Delete multiline pattern containing another pattern - sed

I would to like to delete all instances of a pattern which contain another specified pattern (conveniently on a new line):
MID:
Sample Input:
header
BEGIN:
1abc
7wurw
END:
BEGIN:
22xyz
MID:
34utov
END:
Desired Output:
header
BEGIN:
1abc
7wurw
END:
I'm looking for possible one liners.
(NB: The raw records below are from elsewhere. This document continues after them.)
lemma verts_Pair [simp]: "verts (V, E) = V"
  by (simp add: verts_def)

lemma edges_Pair [simp]: "edges (V, E) = E"
  by (simp add: edges_def)

lemma verts_induced: "verts (induced G U) = U \<inter> verts G"
  by (simp add: induced_def)

lemma edges_induced: "edges (induced G U) = {e \<in> edges G. e \<subseteq> U}"
  by (simp add: induced_def)

lemma induced_verts: "wf_graph G \<Longrightarrow> induced G (verts G) = G"
  unfolding wf_graph_def induced_def verts_def edges_def by (cases G) auto

lemma card_doubleton_eq_2_iff: "card {x, y} = 2 \<longleftrightarrow> x \<noteq> y"
  by (auto simp: card_insert_if)

lemma card_2_eq_Min_Max:
  fixes e :: "'a :: linorder set"
  assumes "card e = 2"
  shows "e = {Min e, Max e}" and "Min e < Max e"
proof -
  obtain x y where xy: "e = {x, y}" "x \<noteq> y"
    using assms by (auto simp: card_2_iff)
  then show "e = {Min e, Max e}" and "Min e < Max e"
    by (auto simp: min_def max_def)
qed

lemma set_conv_image_nth: "set xs = (\<lambda>k. xs ! (k - 1)) ` {1..length xs}"
proof -
  have "{1..length xs} = Suc ` {0..<length xs}"
    by (simp add: image_Suc_atLeastLessThan atLeastLessThanSuc_atLeastAtMost)
  then have "(\<lambda>k. xs ! (k - 1)) ` {1..length xs} = (!) xs ` {0..<length xs}"
    by (simp only: image_image diff_Suc_1)
  then show ?thesis
    by (simp add: nth_image)
qed

definition clique :: "'v graph \<Rightarrow> 'v set \<Rightarrow> bool" where
  "clique H K \<longleftrightarrow> K \<subseteq> verts H \<and> (\<forall>u\<in>K. \<forall>v\<in>K. u \<noteq> v \<longrightarrow> {u, v} \<in> edges H)"
lemma poly_pdiv_qint_even_in_laurent_Z: "poly (pdiv n) (qint (2 * l)) \<in> laurent_Z"
proof (cases "n = 0")
  case True
  then show ?thesis using laurent_Z_1 by (simp add: pdiv_def)
next
  case False
  then have "n \<ge> 1" by simp
  then show ?thesis
    unfolding pdiv_expansion[OF \<open>n \<ge> 1\<close>] poly_sum
    by (auto intro!: laurent_Z_sum laurent_Z_mult laurent_Z_power_int qbinom2_in_laurent_Z
        poly_gdiv_qint_even_in_laurent_Z)
qed

theorem proposition2p6:
  shows "(\<forall>m::nat. m \<ge> 1 \<longrightarrow>
            pdiv (2 * m) =
              (\<Sum>a = 0..m - 1. smult (qq powi ((1 - 2 * int m) * int a) * qbinom2 (m - 1) a)
                                   (gdiv (2 * m - 2 * a)))
          \<and> pdiv (2 * m - 1) =
              (\<Sum>a = 0..m - 1. smult (qq powi ((3 - 2 * int m) * int a) * qbinom2 (m - 1) a)
                                   (gdiv (2 * m - 2 * a - 1))))
       \<and> (\<forall>(n::nat) (l::int). poly (pdiv n) (qint (2 * l)) \<in> laurent_Z)"
  using pdiv_even_expansion pdiv_odd_expansion poly_pdiv_qint_even_in_laurent_Z by blast

end
(* Let $1<a<b$ be coprime integers and let $D\subseteq G$ be a subdiagram. Then \[ Q(\mathbf{1}_D)=\mathtt{dinv}(D), \] where $\mathbf{1}_D\in\mathbb{R}^G$ is the indicator vector of $D$ (its $i$-th coordinate is $1$ if $i\in D$ and $0$ otherwise). Moreover, if $D\neq\varnothing$ then $Q(\mathbf{1}_D)>0$.
   Context: Fix coprime integers $1<a<b$. Work in the grid $\mathbb{Z}^2$, with $+x$ pointing east and $+y$ pointing north; elements of $\mathbb{Z}^2$ are called cells. Let $g:\mathbb{Z}^2\to\mathbb{Z}$, $g(x,y)=ab-ax-by$ (the value of the cell). For a cell $c=(x,y)$ and an integer $k$, write $c-ka:=(x+k,y)$ (the cell $k$ steps east) and $c-kb:=(x,y+k)$ (the cell $k$ steps north); thus $g(c-ka)=g(c)-ka$ and $g(c-kb)=g(c)-kb$. Let $G=\{(x,y)\in\mathbb{Z}_{\ge1}^2: g(x,y)>0\}$ ($g$ is injective on $G$). A subdiagram is a subset $D\subseteq G$ such that whenever $(x,y)\in D$, $(x',y')\in G$, $x'\le x$ and $y'\le y$, we have $(x',y')\in D$ (equivalently, $D$ is upward closed for the partial order $i\preceq j \iff g(j)-g(i)\in\{ma+nb: m,n\in\mathbb{Z}_{\ge0}\}$). Define $K:\mathbb{Z}\to\mathbb{Z}$ by $K(d)=\mathbf{1}_{d\ge0}-\mathbf{1}_{d\ge a}-\mathbf{1}_{d\ge b}+\mathbf{1}_{d\ge a+b}$ (equivalently $K(d)=\mathbf{1}_{0\le d<a}-\mathbf{1}_{b\le d<a+b}$), and the quadratic form on $\mathbb{R}^G$ \[ Q(\mathbf{n})=\sum_{i,j\in G}K\big(g(j)-g(i)\big)\,n_in_j,\qquad \mathbf{n}=(n_i)_{i\in G}. \] For a subdiagram $D$ and $c\in D$, let $\mathrm{arm}_D(c)=\max\{k\ge0: c-ka\in D\}$ and $\mathrm{leg}_D(c)=\max\{k\ge 0: c-kb\in D\}$. Define \[ \mathtt{dinv}(D)=\#\Big\{c\in D:\ \frac{\mathrm{leg}_D(c)}{\mathrm{arm}_D(c)+1}<\frac ab<\frac{\mathrm{leg}_D(c)+1}{\mathrm{arm}_D(c)}\Big\}, \] with the convention that $\frac{\mathrm{leg}_D(c)+1}{0}=+\infty$. *)

theory Defs
  imports "HOL-Analysis.Analysis"
begin
text \<open>Polarity: Out stands for ! (messages) and the internal choice (oplus);
  In stands for ? (messages) and the external choice (&).\<close>
datatype pol = Out | In

datatype mult = MUn | MLin

datatype ('b, 'l, 'v) stype =
    Skip
  | Msg pol 'b
  | Choice pol "('l \<times> ('b, 'l, 'v) stype) list"
  | SSeq "('b, 'l, 'v) stype" "('b, 'l, 'v) stype"
  | Mu 'v mult "('b, 'l, 'v) stype"
  | TVar 'v

definition mult_le :: "mult \<Rightarrow> mult \<Rightarrow> bool" where
  "mult_le m m' \<longleftrightarrow> m = m' \<or> (m = MUn \<and> m' = MLin)"

fun terminated :: "('b, 'l, 'v) stype \<Rightarrow> bool" where
  "terminated Skip = True"
| "terminated (SSeq T U) = (terminated T \<and> terminated U)"
| "terminated (Mu a k T) = terminated T"
| "terminated _ = False"

fun contractive :: "'v \<Rightarrow> ('b, 'l, 'v) stype \<Rightarrow> bool" where
  "contractive a (TVar b) = (b \<noteq> a)"
| "contractive a (SSeq U V) = (contractive a U \<and> (terminated U \<longrightarrow> contractive a V))"
| "contractive a (Mu b k T) = contractive a T"
| "contractive a _ = True"

inductive kinding :: "('v \<Rightarrow> mult option) \<Rightarrow> ('b, 'l, 'v) stype \<Rightarrow> mult \<Rightarrow> bool" where
  k_skip: "kinding \<Delta> Skip MUn"
| k_msg: "kinding \<Delta> (Msg p B) MLin"
| k_choice: "(\<forall>lU \<in> set bs. kinding \<Delta> (snd lU) MLin) \<Longrightarrow> kinding \<Delta> (Choice p bs) MLin"
| k_seq: "kinding \<Delta> T MLin \<Longrightarrow> kinding \<Delta> U MLin \<Longrightarrow> kinding \<Delta> (SSeq T U) MLin"
| k_mu: "contractive a T \<Longrightarrow> kinding (\<Delta>(a \<mapsto> k)) T k \<Longrightarrow> kinding \<Delta> (Mu a k T) k"
| k_var: "\<Delta> a = Some k \<Longrightarrow> kinding \<Delta> (TVar a) k"
| k_sub: "kinding \<Delta> T k \<Longrightarrow> mult_le k k' \<Longrightarrow> kinding \<Delta> T k'"

fun fvs :: "('b, 'l, 'v) stype \<Rightarrow> 'v set" where
  "fvs (TVar a) = {a}"
| "fvs (SSeq T U) = fvs T \<union> fvs U"
| "fvs (Mu a k T) = fvs T - {a}"
| "fvs (Choice p bs) = (\<Union>lU \<in> set bs. fvs (snd lU))"
| "fvs _ = {}"

fun bvs :: "('b, 'l, 'v) stype \<Rightarrow> 'v list" where
  "bvs (SSeq T U) = bvs T @ bvs U"
| "bvs (Mu a k T) = a # bvs T"
| "bvs (Choice p bs) = concat (map (\<lambda>lU. bvs (snd lU)) bs)"
| "bvs _ = []"

text \<open>Standing assumption: every mu-bound variable occurs free in its body.\<close>
fun mu_occurs :: "('b, 'l, 'v) stype \<Rightarrow> bool" where
  "mu_occurs (SSeq T U) = (mu_occurs T \<and> mu_occurs U)"
| "mu_occurs (Mu a k T) = (a \<in> fvs T \<and> mu_occurs T)"
| "mu_occurs (Choice p bs) = (\<forall>lU \<in> set bs. mu_occurs (snd lU))"
| "mu_occurs _ = True"

text \<open>Standing assumption (Barendregt convention): bound variables are pairwise
  distinct and distinct from the free variables.\<close>
definition bv_distinct :: "('b, 'l, 'v) stype \<Rightarrow> bool" where
  "bv_distinct T \<longleftrightarrow> distinct (bvs T) \<and> set (bvs T) \<inter> fvs T = {}"

text \<open>Simultaneous substitution (naive; capture is excluded by the standing
  assumptions).\<close>
fun ssubst :: "('v \<Rightarrow> ('b, 'l, 'v) stype) \<Rightarrow> ('b, 'l, 'v) stype \<Rightarrow> ('b, 'l, 'v) stype" where
  "ssubst \<sigma> (TVar a) = \<sigma> a"
| "ssubst \<sigma> (SSeq T U) = SSeq (ssubst \<sigma> T) (ssubst \<sigma> U)"
| "ssubst \<sigma> (Mu a k T) = Mu a k (ssubst (\<sigma>(a := TVar a)) T)"
| "ssubst \<sigma> (Choice p bs) = Choice p (map (\<lambda>(l, U). (l, ssubst \<sigma> U)) bs)"
| "ssubst \<sigma> Skip = Skip"
| "ssubst \<sigma> (Msg p B) = Msg p B"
Any help would be appreciated.

Using GNU sed:
sed -e :a -e '/^BEGIN:/,/^END:/ { /END:/!{$!{N;ba};};/MID:/d;}' inputfile
For your input, it'd return:
header
BEGIN:
1abc
7wurw
END:

I would use the RS, ORS variable. here is one-liner:
awk -v RS="BEGIN:\n" -v ORS="" '/MID/{next}NR>1{printf RS}7' file
test with your file:
kent$ cat f
header
BEGIN:
1abc
7wurw
END:
BEGIN:
22xyz
MID:
34utov
END:
kent$ awk -v RS="BEGIN:\n" -v ORS="" '/MID/{next}NR>1{printf RS}7' f
header
BEGIN:
1abc
7wurw
END:
note, printf RS is not very nice, I used it because I know it is BEGIN: good practice would be printf "%s", RS

This worked for me on sample:
sed '/BEGIN:/,/END:/{/BEGIN/{h;d};H;/END:/!d;x;/MID:/d}' input.txt
I am pretty sure it can be simplified a lot.

BEGIN { in_block = 0; }
/BEGIN:/ { in_block = 1; lineno = 0; arr[lineno] = $0; must_write = 1; next; }
/END:/ { in_block = 0;
if (must_write == 1) {
for (i = 0; i <= lineno; ++i) print arr[i]; print;
}
next;
}
/MID:/ { must_write = 0; next; }
in_block == 1 && must_write == 1 { lineno++; arr[lineno] = $0; next; }
in_block == 0 { print }
This should work (worked with the supplied test case). Some awk-wizards will find a denser solution, probably. But you can use this kind of processing also for other tasks.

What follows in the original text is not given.